0:19The History of Development on this App: If you’re interested in this app specifically, you’ll like this section. If you’re here for the general info, skip it.

6:19 – Why Open Source Makes Sense for The Zooniverse: This section covers what I see as a fundamental mismatch between the advice we give developers to “Make open source contributions!” and the realities of what most open source code actually is. This app might give us an  opportunity to address that mismatch in our own small way.

8:16What is Context, and What Happens to Context when Code Changes Hands? I happen to believe that context, and the impacts of our actions on app context, are critical concepts for software engineers (and maybe anyone) who are working with a team on a long-running project to understand. If you are going to listen to one part of this video, let it be these four minutes.

12:38 – How Writing Code is Different from Building a Community: And maintaining a successful open source project requires both, so it’s important to have a useful mental model for each!

14:40Two Ways to do Code Review. Why one of them is, in my experience, better, why it doesn’t have to be, and how I think code review done the second way needs to be done to work as well as the first way.

16:02How I Submit Pull Requests. If I were to give this section of the video a clickbaity title, it would be “One weird trick for pull request submission—pair programming zealots HATE it!”

20:09My Expectations for Pull Request Review. If you are going to listen to two parts of this video, let it be the four minutes starting at 8:16 and then these four minutes :).

27:46 – Briefing Moves into Questions. I have been blessed with introspective and thoughtful colleagues who ask great questions. Here are the questions they asked:

  • How will we coordinate the timeline for changes in the face of competing priorities, to indicate what needs immediate review and what can wait?
  • We’re looking, with this project, to build engagement. What do we mean by that?
  • (Well, I asked this one) – Is it okay if we put this conversation on YouTube? (Always ask people’s permission before doing this, of course :).

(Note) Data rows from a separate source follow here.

(* Let $\mathcal{F},G:\mathbb{R}^p\times\mathbb{R}^q\to\mathbb{R}$ satisfy the standing assumptions (A1) and (A2) with constants $L>0$ and $M<\infty$, and fix $\delta>0$ and $\xi\in(0,1)$. Suppose the learning-rate sequences $(\eta_w^{(t)})_{t\ge1}$, $(\eta_\alpha^{(t)})_{t\ge1}$ are positive and satisfy $$\sum_{t=1}^\infty\eta_\alpha^{(t)}<\infty,\qquad \sum_{t=1}^\infty\eta_w^{(t)}=\infty,\qquad \sum_{t=1}^\infty\big(\eta_w^{(t)}\big)^2<\infty,$$ $$\eta_\alpha^{(t)}<\eta_w^{(t)}<\min\Big(\frac{1-\xi}{L},1\Big)\quad\text{for all }t\ge1.$$ Let $(w^t,\alpha^t)_{t\ge1}$ be generated by the EBOMLC iteration from an arbitrary initial point. Then $$\lim_{t\to\infty}\big\|\nabla_w\mathcal{F}(w^t,\alpha^t)\big\|=0.$$
   Context: Notation: $\|\cdot\|$ is the Euclidean norm; for a function $\Phi(w,\alpha)$ of $(w,\alpha)\in\mathbb{R}^p\times\mathbb{R}^q$, $\nabla\Phi=(\nabla_w\Phi,\nabla_\alpha\Phi)$ denotes the full gradient in the joint variable. Standing assumptions. (A1) $\mathcal{F}$ and $G$ are differentiable on $\mathbb{R}^p\times\mathbb{R}^q$ and $\nabla\mathcal{F}$, $\nabla G$ are $L$-Lipschitz with respect to the joint variable $(w,\alpha)$, for some $L>0$. (A2) There is a finite $M$ such that for all $(w,\alpha)$: $|\mathcal{F}(w,\alpha)|\le M$, $|G(w,\alpha)|\le M$, $\|\nabla\mathcal{F}(w,\alpha)\|\le M$, $\|\nabla G(w,\alpha)\|\le M$. EBOMLC iteration. Fix constants $\delta>0$, $\xi\in(0,1)$ and positive learning rates $\eta_w^{(t)},\eta_\alpha^{(t)}$. Given $(w^t,\alpha^t)$, set $w^t_{(1)}=w^t-\eta_w^{(t)}\nabla_wG(w^t,\alpha^t)$ and define $\mathcal{Q}_t(w,\alpha)=G(w,\alpha)-G(w^t_{(1)},\alpha)$, where $w^t_{(1)}$ is treated as a constant when differentiating, so that $$\nabla\mathcal{Q}(w^t,\alpha^t):=\nabla G(w^t,\alpha^t)-\nabla G(w^t_{(1)},\alpha^t),$$ with components $\nabla_w\mathcal{Q},\nabla_\alpha\mathcal{Q}$. Define $$\bar\beta_t=\max\Big(\delta-\frac{\nabla_w\mathcal{F}(w^t,\alpha^t)^T\nabla_w\mathcal{Q}(w^t,\alpha^t)}{\|\nabla\mathcal{Q}(w^t,\alpha^t)\|^2},\,0\Big)$$ if $\nabla\mathcal{Q}(w^t,\alpha^t)\neq0$, and $\bar\beta_t=0$ otherwise. Then update $$w^{t+1}=w^t-\eta_w^{(t)}\big(\nabla_w\mathcal{F}(w^t,\alpha^t)+\xi\bar\beta_t\nabla_w\mathcal{Q}(w^t,\alpha^t)\big),$$ $$\alpha^{t+1}=\alpha^t-\eta_\alpha^{(t)}\big(\nabla_\alpha\mathcal{F}(w^t,\alpha^t)+\xi\bar\beta_t\nabla_\alpha\mathcal{Q}(w^t,\alpha^t)\big).$$ *)

theory Defs
  imports "HOL-Analysis.Analysis"
begin

text \<open>Joint variable (w, alpha) lives in the product type 'w \<times> 'a (Euclidean norm on the product).\<close>

definition has_gradient_everywhere ::
  "(('w::euclidean_space) \<times> ('a::euclidean_space) \<Rightarrow> real) \<Rightarrow> ('w \<times> 'a \<Rightarrow> 'w \<times> 'a) \<Rightarrow> bool" where
  "has_gradient_everywhere f gf \<longleftrightarrow> (\<forall>x. (f has_derivative (\<lambda>h. gf x \<bullet> h)) (at x))"

text \<open>Gradient of Q_t at (w^t, alpha^t): grad G (w,alpha) - grad G (w_(1), alpha),
  with w_(1) = w - eta_w * grad_w G (w,alpha).\<close>
definition gradQ ::
  "('w::euclidean_space \<times> 'a::euclidean_space \<Rightarrow> 'w \<times> 'a) \<Rightarrow> real \<Rightarrow> 'w \<times> 'a \<Rightarrow> 'w \<times> 'a" where
  "gradQ gG eta_w x = gG x - gG (fst x - eta_w *\<^sub>R fst (gG x), snd x)"

definition beta_bar ::
  "real \<Rightarrow> ('w::euclidean_space \<times> 'a::euclidean_space \<Rightarrow> 'w \<times> 'a) \<Rightarrow> ('w \<times> 'a \<Rightarrow> 'w \<times> 'a)
    \<Rightarrow> real \<Rightarrow> 'w \<times> 'a \<Rightarrow> real" where
  "beta_bar \<delta> gF gG eta_w x =
     (let q = gradQ gG eta_w x in
      if q = 0 then 0
      else max (\<delta> - (fst (gF x) \<bullet> fst q) / (norm q)\<^sup>2) 0)"

definition ebomlc_step ::
  "real \<Rightarrow> real \<Rightarrow> ('w::euclidean_space \<times> 'a::euclidean_space \<Rightarrow> 'w \<times> 'a) \<Rightarrow> ('w \<times> 'a \<Rightarrow> 'w \<times> 'a)
    \<Rightarrow> real \<Rightarrow> real \<Rightarrow> 'w \<times> 'a \<Rightarrow> 'w \<times> 'a" where
  "ebomlc_step \<delta> \<xi> gF gG eta_w eta_a x =
     (let q = gradQ gG eta_w x; b = beta_bar \<delta> gF gG eta_w x in
      (fst x - eta_w *\<^sub>R (fst (gF x) + (\<xi> * b) *\<^sub>R fst q),
       snd x - eta_a *\<^sub>R (snd (gF x) + (\<xi> * b) *\<^sub>R snd q)))"

end

theory Submission
  imports Defs
begin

So, in my experience, folks who are interested in The Zooniverse (and especially the mobile app) are also fans of pretty space images, and frankly, having an image in each blog post makes my blog homepage look nicer. So, apropos of nothing except to make both of us happy, I’ll conclude this piece with the following image of NEOWISE zooming over a Falcon 9 rocket, captured by Ben Cooper.

ben_cooper_comet_NEOWISE_over_falcon_9

If you liked this piece, you might also like:

Lessons from Space – Why Delay a Launch? Believe it or not, this post is for software engineers!

Some of the Live Coding on the Zooniverse Mobile App and NASA Landsat Data Processing Pipeline – With more to come, don’t worry 🙂

Skills for working on distributed teams (including communication skills that will make your job easier)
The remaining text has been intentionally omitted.